Daily
News
November
22, 1995
GUNRUNNER
FOUND DEAD SHOT ON
TOP OF MOTHER'S GRAVE
A
retired longshoreman who confessed to being one of the Mafia's
biggest gun suppliers was found shot to death yesterday atop his
mother's grave in Queens.
"My
name is Frank O'Hehir," read a note found on his body, police
sources told the Daily News. "Please call my attorney, Roger
Bernstein. This is an FBI case. Thank you."
O'Hehir,
65, who recently pleaded guilty to gunrunning for the Colombo
crime family, was wearing an electronic ankle monitoring bracelet
when his body was found in a remote corner of St. John's Cemetery
in Middle Village, police sources said.
A
gun was found near O'Hehir's body, the sources said, but it was
not clear last night whether he shot himself.
"I'm
not sure it's a suicide," said Bernstein.
Once
it was established that the dead man was a cog in a major mob
case developed by Waterfront Commission detectives and the FBI,
police clamped down on details about O'Hehir, who was supposed
to appear today for a pre-sentencing hearing.
Last
month, O'Hehir explained to The News why he rejected a plea-bargain
deal of three years in prison in exchange for spilling the beans
about being quartermaster to the mob.

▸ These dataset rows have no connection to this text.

lemma householder_mat_orthonormal:
  assumes w: "w \<in> carrier_vec n" and ww: "w \<bullet> w \<noteq> 0"
  shows "orthonormal_mat n (householder_mat n w)"
proof -
  define c where "c = 2 / (w \<bullet> w)"
  have cw: "c * (w \<bullet> w) = 2" using ww by (simp add: c_def)
  have "transpose_mat (householder_mat n w) * householder_mat n w = 1\<^sub>m n"
  proof (rule eq_matI)
    fix i j assume ij: "i < dim_row (1\<^sub>m n)" "j < dim_col (1\<^sub>m n)"
    have "(transpose_mat (householder_mat n w) * householder_mat n w) $$ (i, j)
        = (\<Sum>k<n. ((if k = i then 1 else 0) - c * w $ k * w $ i) * ((if k = j then 1 else 0) - c * w $ k * w $ j))"
      using ij by (simp add: householder_mat_def c_def scalar_prod_def atLeast0LessThan)
    also have "\<dots> = (\<Sum>k<n. (if k = i then (if i = j then 1 else 0) - c * w $ i * w $ j else 0)
        - (if k = j then c * w $ i * w $ j else 0) + c * c * w $ i * w $ j * (w $ k * w $ k))"
      by (intro sum.cong) (auto simp: algebra_simps)
    also have "\<dots> = (if i = j then 1 else 0) - 2 * c * w $ i * w $ j + c * c * w $ i * w $ j * (w \<bullet> w)"
      using ij w by (simp add: sum.distrib sum_subtractf scalar_prod_def atLeast0LessThan
          flip: sum_distrib_left)
    also have "\<dots> = 1\<^sub>m n $$ (i, j)" using ij cw by (simp add: algebra_simps)
    finally show "(transpose_mat (householder_mat n w) * householder_mat n w) $$ (i, j) = 1\<^sub>m n $$ (i, j)" .
  qed (simp_all add: householder_mat_def)
  then show ?thesis by (simp add: orthonormal_mat_def householder_mat_def)
qed

text \<open>The Householder reflection along \<open>w = v - e\<^sub>0\<close> exchanges \<open>e\<^sub>0\<close> and \<open>v\<close>.\<close>
lemma orthonormal_mat_with_first_col:
  fixes v :: "real vec"
  assumes v: "v \<in> carrier_vec n" and vv: "v \<bullet> v = 1" and n: "0 < n"
  shows "\<exists>H. orthonormal_mat n H \<and> col H 0 = v"
proof -
  define w where "w = v - unit_vec n 0"
  have w: "w \<in> carrier_vec n" using v by (simp add: w_def)
  have ww: "w \<bullet> w = 2 - 2 * v $ 0"
    using v vv n by (simp add: w_def scalar_prod_minus_distrib minus_scalar_prod_distrib
        comm_scalar_prod[of v n "unit_vec n 0"])
  show ?thesis
  proof (cases "w \<bullet> w = 0")
    case True
    then have "w = 0\<^sub>v n" using conjugate_square_eq_0_vec[OF w] by simp
    have "v $ i = unit_vec n 0 $ i" if "i < n" for i
    proof -
      have "w $ i = 0" using \<open>w = 0\<^sub>v n\<close> that by simp
      then show ?thesis using that v unfolding w_def by simp
    qed
    then have "col (1\<^sub>m n) 0 = v"
      using v by (intro eq_vecI) auto
    then show ?thesis by (intro exI[of _ "1\<^sub>m n"]) (simp add: orthonormal_mat_def)
  next
    case False
    moreover have "col (householder_mat n w) 0 = v"
    proof (rule eq_vecI)
      have w0: "w $ 0 = v $ 0 - 1" using v n by (simp add: w_def)
      have c: "2 / (w \<bullet> w) * w $ 0 = -1" using False unfolding ww w0 by (simp add: field_simps)
      fix i assume "i < dim_vec v"
      then have "col (householder_mat n w) 0 $ i = (if i = 0 then 1 else 0) - (2 / (w \<bullet> w) * w $ 0) * w $ i"
        using v n by (simp add: householder_mat_def algebra_simps)
      then show "col (householder_mat n w) 0 $ i = v $ i"
        using \<open>i < dim_vec v\<close> v unfolding c by (simp add: w_def)
    qed (use v in \<open>simp add: householder_mat_def\<close>)
    ultimately show ?thesis using householder_mat_orthonormal[OF w] by blast
  qed
qed

lemma conjugate_of_real_mat_mult_vec:
  assumes A: "A \<in> carrier_mat nr nc" and v: "v \<in> carrier_vec nc"
  shows "conjugate (map_mat complex_of_real A *\<^sub>v v) = map_mat complex_of_real A *\<^sub>v conjugate v"
proof (rule eq_vecI)
  fix i assume "i < dim_vec (map_mat complex_of_real A *\<^sub>v conjugate v)"
  then have i: "i < nr" using A by simp
  have "conjugate (row (map_mat complex_of_real A) i) = row (map_mat complex_of_real A) i"
    using A i by (intro eq_vecI) auto
  then show "conjugate (map_mat complex_of_real A *\<^sub>v v) $ i = (map_mat complex_of_real A *\<^sub>v conjugate v) $ i"
    using conjugate_sprod_vec[of "row (map_mat complex_of_real A) i" nc v] A v i by simp
qed (use A in simp)

text \<open>For a complex eigenpair \<open>(a, v)\<close> of the real symmetric \<open>A\<close>,
  \<open>a (v \<bullet>c v) = (A v) \<bullet>c v = (A (conjugate v)) \<bullet> v = cnj a (v \<bullet>c v)\<close>, so \<open>a\<close> is real.\<close>
lemma sym_mat_has_eigenvalue:
  fixes A :: "real mat"
  assumes A: "A \<in> carrier_mat n n" and sym: "transpose_mat A = A" and n: "0 < n"
  shows "\<exists>l. eigenvalue A l"
proof -
  define Ac where "Ac = map_mat complex_of_real A"
  have Ac: "Ac \<in> carrier_mat n n" using A by (simp add: Ac_def)
  have symAc: "transpose_mat Ac = Ac" using sym by (simp add: Ac_def map_mat_transpose)
  obtain a where "eigenvalue Ac a" using spectrum_non_empty[OF Ac n] by (auto simp: spectrum_def)
  then obtain v where v: "v \<in> carrier_vec n" and v0: "v \<noteq> 0\<^sub>v n" and Av: "Ac *\<^sub>v v = a \<cdot>\<^sub>v v"
    using Ac unfolding eigenvalue_def eigenvector_def by auto
  have conj_Av: "conjugate (Ac *\<^sub>v v) = Ac *\<^sub>v conjugate v"
    unfolding Ac_def by (rule conjugate_of_real_mat_mult_vec[OF A v])
  have "a * (v \<bullet>c v) = (Ac *\<^sub>v v) \<bullet>c v" using Av v by simp
  also have "\<dots> = conjugate v \<bullet> (Ac *\<^sub>v v)"
    by (rule comm_scalar_prod[of _ n]) (use Ac v in auto)
  also have "\<dots> = (Ac *\<^sub>v conjugate v) \<bullet> v"
    using transpose_vec_mult_scalar[OF Ac v, of "conjugate v"] v symAc by simp
  also have "Ac *\<^sub>v conjugate v = conjugate a \<cdot>\<^sub>v conjugate v"
    by (simp flip: conj_Av add: Av conjugate_smult_vec)
  also have "(conjugate a \<cdot>\<^sub>v conjugate v) \<bullet> v = conjugate a * (v \<bullet>c v)"
    using v comm_scalar_prod[of "conjugate v" n v] by simp
  finally have "a = cnj a" using v v0 by simp
  then have "Im a = Im (cnj a)" by (rule arg_cong)
  then have "Im a = 0" by simp
  then have a: "a = complex_of_real (Re a)" by (simp add: complex_eq_iff)
  have "complex_of_real (poly (char_poly A) (Re a)) = poly (char_poly Ac) a"
    by (subst a) (simp add: Ac_def of_real_hom.char_poly_hom[OF A])
  also have "\<dots> = 0" using \<open>eigenvalue Ac a\<close> eigenvalue_root_char_poly[OF Ac] by simp
  finally have "poly (char_poly A) (Re a) = 0" by simp
  then show ?thesis using eigenvalue_root_char_poly[OF A] by blast
qed

lemma sym_mat_has_unit_eigenvector:
  fixes A :: "real mat"
  assumes A: "A \<in> carrier_mat n n" and sym: "transpose_mat A = A" and n: "0 < n"
  shows "\<exists>l v. v \<in> carrier_vec n \<and> v \<bullet> v = 1 \<and> A *\<^sub>v v = l \<cdot>\<^sub>v v"
proof -
  obtain l u where u: "u \<in> carrier_vec n" and u0: "u \<noteq> 0\<^sub>v n" and Au: "A *\<^sub>v u = l \<cdot>\<^sub>v u"
    using sym_mat_has_eigenvalue[OF assms] A unfolding eigenvalue_def eigenvector_def by auto
  have "u \<bullet> u > 0" using conjugate_square_greater_0_vec[OF u] u0 by simp
  define v where "v = (1 / sqrt (u \<bullet> u)) \<cdot>\<^sub>v u"
  have "v \<bullet> v = 1" using u \<open>u \<bullet> u > 0\<close> by (simp add: v_def)
  moreover have "A *\<^sub>v v = l \<cdot>\<^sub>v v"
    using A u Au by (simp add: v_def mult_mat_vec smult_smult_assoc mult.commute)
  moreover have "v \<in> carrier_vec n" using u by (simp add: v_def)
  ultimately show ?thesis by blast
qed

lemma sym_mat_first_col_four_block:
  fixes B :: "'a::comm_ring_1 mat"
  assumes B: "B \<in> carrier_mat (Suc m) (Suc m)" and sym: "transpose_mat B = B"
    and col0: "col B 0 = l \<cdot>\<^sub>v unit_vec (Suc m) 0"
  shows "\<exists>A'. A' \<in> carrier_mat m m \<and> transpose_mat A' = A' \<and>
    B = four_block_mat (mat 1 1 (\<lambda>_. l)) (0\<^sub>m 1 m) (0\<^sub>m m 1) A'"
proof -
  have Bji: "B $$ (j, i) = B $$ (i, j)" if "i < Suc m" "j < Suc m" for i j
    using B that by (metis sym carrier_matD index_transpose_mat(1))
  have Bi0: "B $$ (i, 0) = (if i = 0 then l else 0)" if "i < Suc m" for i
    using arg_cong[OF col0, of "\<lambda>x. x $ i"] that B by simp
  define A' where "A' = mat m m (\<lambda>(i, j). B $$ (Suc i, Suc j))"
  have "transpose_mat A' = A'"
    using Bji by (intro eq_matI) (auto simp: A'_def)
  moreover have "B = four_block_mat (mat 1 1 (\<lambda>_. l)) (0\<^sub>m 1 m) (0\<^sub>m m 1) A'"
  proof (rule eq_matI)
    fix i j assume "i < dim_row (four_block_mat (mat 1 1 (\<lambda>_. l)) (0\<^sub>m 1 m) (0\<^sub>m m 1) A')"
      and "j < dim_col (four_block_mat (mat 1 1 (\<lambda>_. l)) (0\<^sub>m 1 m) (0\<^sub>m m 1) A')"
    then have i: "i < Suc m" and j: "j < Suc m" by (simp_all add: A'_def)
    show "B $$ (i, j) = four_block_mat (mat 1 1 (\<lambda>_. l)) (0\<^sub>m 1 m) (0\<^sub>m m 1) A' $$ (i, j)"
    proof (cases "i = 0 \<or> j = 0")
      case True
      then show ?thesis using i j Bi0 Bji[of 0] by (auto simp: A'_def)
    next
      case False
      then obtain i' j' where "i = Suc i'" "j = Suc j'" by (meson not0_implies_Suc)
      then show ?thesis using i j by (simp add: A'_def)
    qed
  qed (use B in \<open>simp_all add: A'_def\<close>)
  moreover have "A' \<in> carrier_mat m m" by (simp add: A'_def)
  ultimately show ?thesis by blast
qed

He said he didn't think
he'd live that long anyway. "I might as well roll the dice
on a trial," O'Hehir said at the time as he fussed over his
cat, Buford, in his tidy Ridgewood, Queens, apartment.
Police
had raided the apartment at dawn on May 10, looking for guns.
O'Hehir had a secret closet hidden behind a sliding American eagle
plaque built into the kitchen. Inside FBI agents found a few empty
holsters and an ammunition magazine.
Asked
last month what he would say at trial, O'Hehir said: "My
story? My story is that I'm an innocent man."
But
last week O'Hehir pleaded guilty in Brooklyn Federal Court to
supplying the firepower for the Colombo crime family war.
In
recent weeks, said one stunned neighbor, Virginia Hart, O'Hehir
had been behaving oddly. At one point, she said, he announced
that he had married a long-time sweetheart. But Hart never saw
a woman around.
Some
days, Hart said, O'Hehir would sit in the apartment complex' parking
lot in a lawn chair and stare at passing traffic.
Hart
said she saw him again yesterday morning. "He said, 'I'm
going to the lawyer this morning, and then I'm going to pick up
a newspaper in the afternoon,' " Hart said. "He had
promised to be at my baby twins' birthday party on Thursday."
Another
neighbor, Jean Fellacher, said the normally outgoing O'Hehir "seemed
depressed lately" and tried to cheer himself up by providing
food and shelter for numerous stray cats. "He was not his
usual self," she said. "The last time I saw him he was
staring straight ahead."
But,
said Bernstein, "we spoke a week ago, we had a pleasant lunch.
. . . He seemed fine."
"It's
a total shock to me," said Bernstein's investigator, Mike
Kessler. "Frank had this cat he was devoted to. For
him to walk away from the cat just doesn't make sense."